[[ SOURCE INFORMATION open ]]

lemma yield_decomposable_spine_node:
  assumes "\<sigma> \<in> ts2 G" "derives G a a'" "derives G b b'" "spine_node d \<sigma> a b \<in> bounded_trees"
    and "yield_decomposable a a'"
  shows "yield_decomposable (spine_node d \<sigma> a b) (spine_node d \<sigma> a' b')"
proof (cases "holes b = 0")
  case False
  then show ?thesis
    using derives_holes[OF assms(3)] by (simp add: yield_decomposable_def)
next
  case True
  let ?Q = "spine_node d \<sigma> Hole b" and ?p = "spine_node d \<sigma> Hole b'"
  have b: "b \<in> closed_trees" "holes b' = 0" "nt_free b'"
    using assms(3,4) True derives_holes derives_nt_free
    by (auto simp: closed_trees_def bounded_trees_def)
  have a: "a \<in> bounded_trees"
    using assms(4) by (auto simp: bounded_trees_def max_def split: if_splits)
  have Q: "(?Q, None) \<in> frags"
    using assms(1,4) b(1) by (auto simp: frags_def bounded_trees_def closed_trees_def max_def split: if_splits)
  have "derives G ?Q ?p"
    using assms(3) by (auto simp: derives_spine_node_iff)
  moreover from this have "decomposable (?Q, None) ?p"
    using decomposable_letter assms(1) b by (simp add: frag_lang_None)
  ultimately have "yield_decomposable (subst ?Q a) (subst ?p a')"
    using yield_decomposable_plug[OF _ _ Q _ _ assms(2) a assms(5), where p = ?p] True b(2)
    by (simp add: spine_cut_spine_node subst_no_holes)
  then show ?thesis
    using True b by (simp add: subst_no_holes)
qed

lemma yield_decomposable_TB:
  assumes "\<sigma> \<in> ts2 G" "derives G l l'" "derives G r r'" "TB \<sigma> l r \<in> bounded_trees"
    and "yield_decomposable l l'" "yield_decomposable r r'"
  shows "yield_decomposable (TB \<sigma> l r) (TB \<sigma> l' r')"
proof (cases "d \<sigma> = 1")
  case True
  then have "TB \<sigma> l r = spine_node d \<sigma> l r" "TB \<sigma> l' r' = spine_node d \<sigma> l' r'"
    by (simp_all add: spine_node_def)
  then show ?thesis
    using yield_decomposable_spine_node[OF assms(1-3) _ assms(5)] assms(4) by simp
next
  case False
  then have "TB \<sigma> l r = spine_node d \<sigma> r l" "TB \<sigma> l' r' = spine_node d \<sigma> r' l'"
    by (simp_all add: spine_node_def)
  then show ?thesis
    using yield_decomposable_spine_node[OF assms(1,3,2) _ assms(6)] assms(4) by simp
qed

lemma yield_decomposable_NL:
  assumes "(n, r) \<in> prods G" "n \<in> nts0 G" "yield_decomposable r v"
  shows "yield_decomposable (NL n) v"
proof -
  have r: "holes r = 0"
    using assms(1,2) prod_holes0 by blast
  have "decomposable (spine_cut (NL n) \<alpha>) c"
    if "v = subst c (TL \<alpha>)" "spine_ctx c" "c \<noteq> Hole" "\<alpha> \<in> ts0 G" for c \<alpha>
  proof -
    have "decomposable (spine_cut r \<alpha>) c"
      using assms(3) r that by (simp add: yield_decomposable_def)
    moreover have "frag_lang (spine_cut r \<alpha>) \<subseteq> frag_lang (spine_cut (NL n) \<alpha>)"
      using assms(1,2) frag_lang_spine_cut[OF r] frag_lang_spine_cut[of "NL n"]
      by (auto intro: derives.nullary)
    ultimately show ?thesis by (rule decomposable_mono)
  qed
  then show ?thesis by (simp add: yield_decomposable_def)
qed

lemma yield_decomposable_NU:
  assumes C: "(n, C) \<in> prods G" "n \<in> nts1 G" "derives G C c" "yield_decomposable C c"
    and t: "derives G t w" "NU n t \<in> bounded_trees" "yield_decomposable t w"
  shows "yield_decomposable (NU n t) (subst c w)"
proof -
  have "t \<in> bounded_trees" "(NU n Hole, None) \<in> frags"
    using t(2) by (auto simp: bounded_trees_def frags_def)
  moreover have "derives G (NU n Hole) c"
    using derives_NU_Hole C(1-3) .
  moreover have "decomposable (NU n Hole, None) c" if "c \<noteq> Hole"
  proof -
    have "holes C = 1" "spine_ok d C"
      using C(1,2) prod_holes1 spine_prods by auto
    then have "decomposable (C, None) c"
      using C(4) derives_spine_ctx[OF C(3)] that by (simp add: yield_decomposable_def)
    moreover have "frag_lang (C, None) \<subseteq> frag_lang (NU n Hole, None)"
      using derives_NU_Hole[OF C(1,2)] by (auto simp: frag_lang_None)
    ultimately show ?thesis by (rule decomposable_mono)
  qed
  ultimately have "yield_decomposable (subst (NU n Hole) t) (subst c w)"
    using yield_decomposable_plug[of "NU n Hole" c t w] t(1,3) by simp
  then show ?thesis by simp
qed

lemma derives_yield_decomposable: "derives G t v \<Longrightarrow> t \<in> bounded_trees \<Longrightarrow> yield_decomposable t v"
proof (induction rule: derives.induct)
  case hole
  then show ?case by (simp add: yield_decomposable_def)
next
  case (leaf a)
  have "subst c (TL \<alpha>) = TL a \<Longrightarrow> spine_ctx c \<Longrightarrow> c = Hole" for c \<alpha>
    by (cases c) auto
  then show ?case by (auto simp: yield_decomposable_def)
next
  case (nullary n r v)
  then have "r \<in> bounded_trees"
    using prod_wf height_prods by (auto simp: bounded_trees_def)
  with nullary show ?case by (blast intro: yield_decomposable_NL)
next
  case (unary n C c t w)
  moreover have "C \<in> bounded_trees" "t \<in> bounded_trees"
    using unary prod_wf height_prods by (auto simp: bounded_trees_def)
  ultimately show ?case by (blast intro: yield_decomposable_NU)
next
  case (binary l l' r r' \<sigma>)
  moreover have "l \<in> bounded_trees" "r \<in> bounded_trees" "\<sigma> \<in> ts2 G"
    using binary.prems by (auto simp: bounded_trees_def)
  ultimately show ?case by (blast intro: yield_decomposable_TB)
qed

lemma frag_lang_decomposable:
  assumes "X \<in> frags" "c \<in> frag_lang X" "c \<noteq> Hole"
  shows "decomposable X c"
proof -
  obtain C e where X: "X = (C, e)" by (cases X)
  from assms(2) obtain c1 c2 where c: "c = subst c1 c2" "derives G C c1" "spine_ctx c1" "c2 \<in> tail_lang e"
    by (auto simp: frag_lang_def X)
  have C: "C \<in> bounded_trees" "holes C = 1"
    using assms(1) X c(2,3) derives_holes by (auto simp: frags_def spine_ctx_def)
  have e: "(Hole, e) \<in> frags" "(C, None) \<in> frags"
    using assms(1) X C(1) by (auto simp: frags_def bounded_trees_def)
  have "decomposable (C, None) c1" if "c1 \<noteq> Hole"
    using derives_yield_decomposable[OF c(2) C(1)] C(2) c(3) that by (simp add: yield_decomposable_def)
  moreover have "decomposable (Hole, e) c2" if c2: "c2 \<noteq> Hole"
  proof -
    obtain m \<alpha> where m: "e = Some (m, \<alpha>)" "spine_ctx c2" "derives G (NL m) (subst c2 (TL \<alpha>))"
      using c(4) c2 by (auto simp: tail_lang_def split: option.splits)
    then have "m \<in> nts0 G" "\<alpha> \<in> ts0 G"
      using assms(1) X by (auto simp: frags_def)
    then have "yield_decomposable (NL m) (subst c2 (TL \<alpha>))"
      using derives_yield_decomposable[OF m(3)] by (simp add: bounded_trees_def)
    then show ?thesis
      using m c2 \<open>\<alpha> \<in> ts0 G\<close> by (simp add: yield_decomposable_def)
  qed
  moreover have "frag_comp (C, None) (Hole, e) X"
    using frag_comp_plug[of C "(Hole, e)"] X by (simp add: plug_def)
  ultimately show ?thesis
    unfolding c(1)
    using decomposable_subst[OF e(2,1)] c assms(3) by (simp add: frag_lang_None frag_lang_Hole)
qed

end

section \<open>The normalized grammar\<close>

lemma normal_form_prod:
  assumes "normal_form G" "(n, r) \<in> prods G"
  shows "wf_tree (nts0 G) (nts1 G) (ts0 G) (ts2 G) r \<and> height r \<le> 2 \<and>
    ((n \<in> nts0 G \<and> holes r = 0) \<or> (n \<in> nts1 G \<and> holes r = 1))"
  using assms unfolding normal_form_def by fastforce

lemma sCFTG_if_normal_form:
  assumes "normal_form G" "finite (nts0 G)" "finite (nts1 G)" "finite (ts0 G)" "finite (ts2 G)"
    and "nts0 G \<inter> nts1 G = {}" "ts0 G \<inter> ts2 G = {}" "start G \<in> nts0 G"
  shows "sCFTG G"
proof -
  have "prods G \<subseteq> (nts0 G \<union> nts1 G) \<times> {r. wf_tree (nts0 G) (nts1 G) (ts0 G) (ts2 G) r \<and> height r \<le> 2}"
    using normal_form_prod[OF assms(1)] by fastforce
  moreover have "finite ((nts0 G \<union> nts1 G) \<times> {r. wf_tree (nts0 G) (nts1 G) (ts0 G) (ts2 G) r \<and> height r \<le> 2})"
    using finite_wf_trees_bounded_height assms(2-5) by blast
  ultimately have "finite (prods G)" by (rule finite_subset)
  then show ?thesis
    using assms normal_form_prod[OF assms(1)] unfolding sCFTG_def by blast
qed

text \<open>\<open>Spine p X\<close> generates the nonempty spine contexts of the fragment \<open>X\<close>, \<open>Subtree p s\<close> the
  trees derived from \<open>s\<close>, and \<open>Start\<close> is a copy of \<open>Subtree False (NL S)\<close> that occurs in no
  right-hand side. Off the spine of \<open>Spine p X\<close> only nonterminals \<open>Subtree (\<not> p) s\<close> occur.\<close>

datatype ('n, 't) nt = Spine bool "('n, 't) frag" | Subtree bool "('n, 't) tr" | Start

fun polarity :: "('n, 't) nt \<Rightarrow> bool" where
  "polarity (Spine p X) = p"
| "polarity (Subtree p s) = p"
| "polarity Start = False"

fun polarized :: "bool \<Rightarrow> (('n, 't) nt, 't) tr \<Rightarrow> bool" where
  "polarized q Hole = True"
| "polarized q (NL n) = (polarity n \<noteq> q)"
| "polarized q (TL a) = True"
| "polarized q (NU n t) = (polarity n = q \<and> polarized q t)"
| "polarized q (TB \<sigma> l r) = (polarized q l \<and> polarized q r)"

lemma polarized_subst: "polarized q t \<Longrightarrow> polarized q u \<Longrightarrow> polarized q (subst t u)"
  by (induction t) auto

lemma polarized_nts0_of: "polarized q t \<Longrightarrow> n \<in> nts0_of t \<Longrightarrow> polarity n \<noteq> q"
  by (induction t) auto

context spine_scftg
begin

definition nf_nts0 :: "('n, 't) nt set" where
  "nf_nts0 = insert Start (case_prod Subtree ` (UNIV \<times> closed_trees))"

definition nf_nts1 :: "('n, 't) nt set" where
  "nf_nts1 = case_prod Spine ` (UNIV \<times> frags)"

inductive_set nf_prods :: "(('n, 't) nt \<times> (('n, 't) nt, 't) tr) set" where
  chain: "X \<in> frags \<Longrightarrow> Y \<in> frags \<Longrightarrow> Z \<in> frags \<Longrightarrow> frag_comp Y Z X
    \<Longrightarrow> (Spine p X, NU (Spine p Y) (NU (Spine p Z) Hole)) \<in> nf_prods"
| letter: "X \<in> frags \<Longrightarrow> \<sigma> \<in> ts2 G \<Longrightarrow> s \<in> closed_trees
    \<Longrightarrow> frag_lang (spine_node d \<sigma> Hole s, None) \<subseteq> frag_lang X
    \<Longrightarrow> (Spine p X, spine_node d \<sigma> Hole (NL (Subtree (\<not> p) s))) \<in> nf_prods"
| leaf: "s \<in> closed_trees \<Longrightarrow> \<alpha> \<in> ts0 G \<Longrightarrow> derives G s (TL \<alpha>) \<Longrightarrow> (Subtree p s, TL \<alpha>) \<in> nf_prods"
| spine: "s \<in> closed_trees \<Longrightarrow> X \<in> frags \<Longrightarrow> \<alpha> \<in> ts0 G
    \<Longrightarrow> (\<forall>c \<in> frag_lang X. derives G s (subst c (TL \<alpha>)))
    \<Longrightarrow> (Subtree p s, NU (Spine p X) (TL \<alpha>)) \<in> nf_prods"
| start: "(Subtree False (NL (start G)), r) \<in> nf_prods \<Longrightarrow> (Start, r) \<in> nf_prods"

[[ SOURCE INFORMATION closed ]]

EXERCISE OBJECTIVE: The required answer is the run of lines above, starting at the line with "using assms(1,2) prod_holes0 by blast" and ending at the line with "using assms(3) r", reproduced exactly with both ends.

TASK SOLUTION:
    using assms(1,2) prod_holes0 by blast
  have "decomposable (spine_cut (NL n) \<alpha>) c"
    if "v = subst c (TL \<alpha>)" "spine_ctx c" "c \<noteq> Hole" "\<alpha> \<in> ts0 G" for c \<alpha>
  proof -
    have "decomposable (spine_cut r \<alpha>) c"
      using assms(3) r that by (simp add: yield_decomposable_def)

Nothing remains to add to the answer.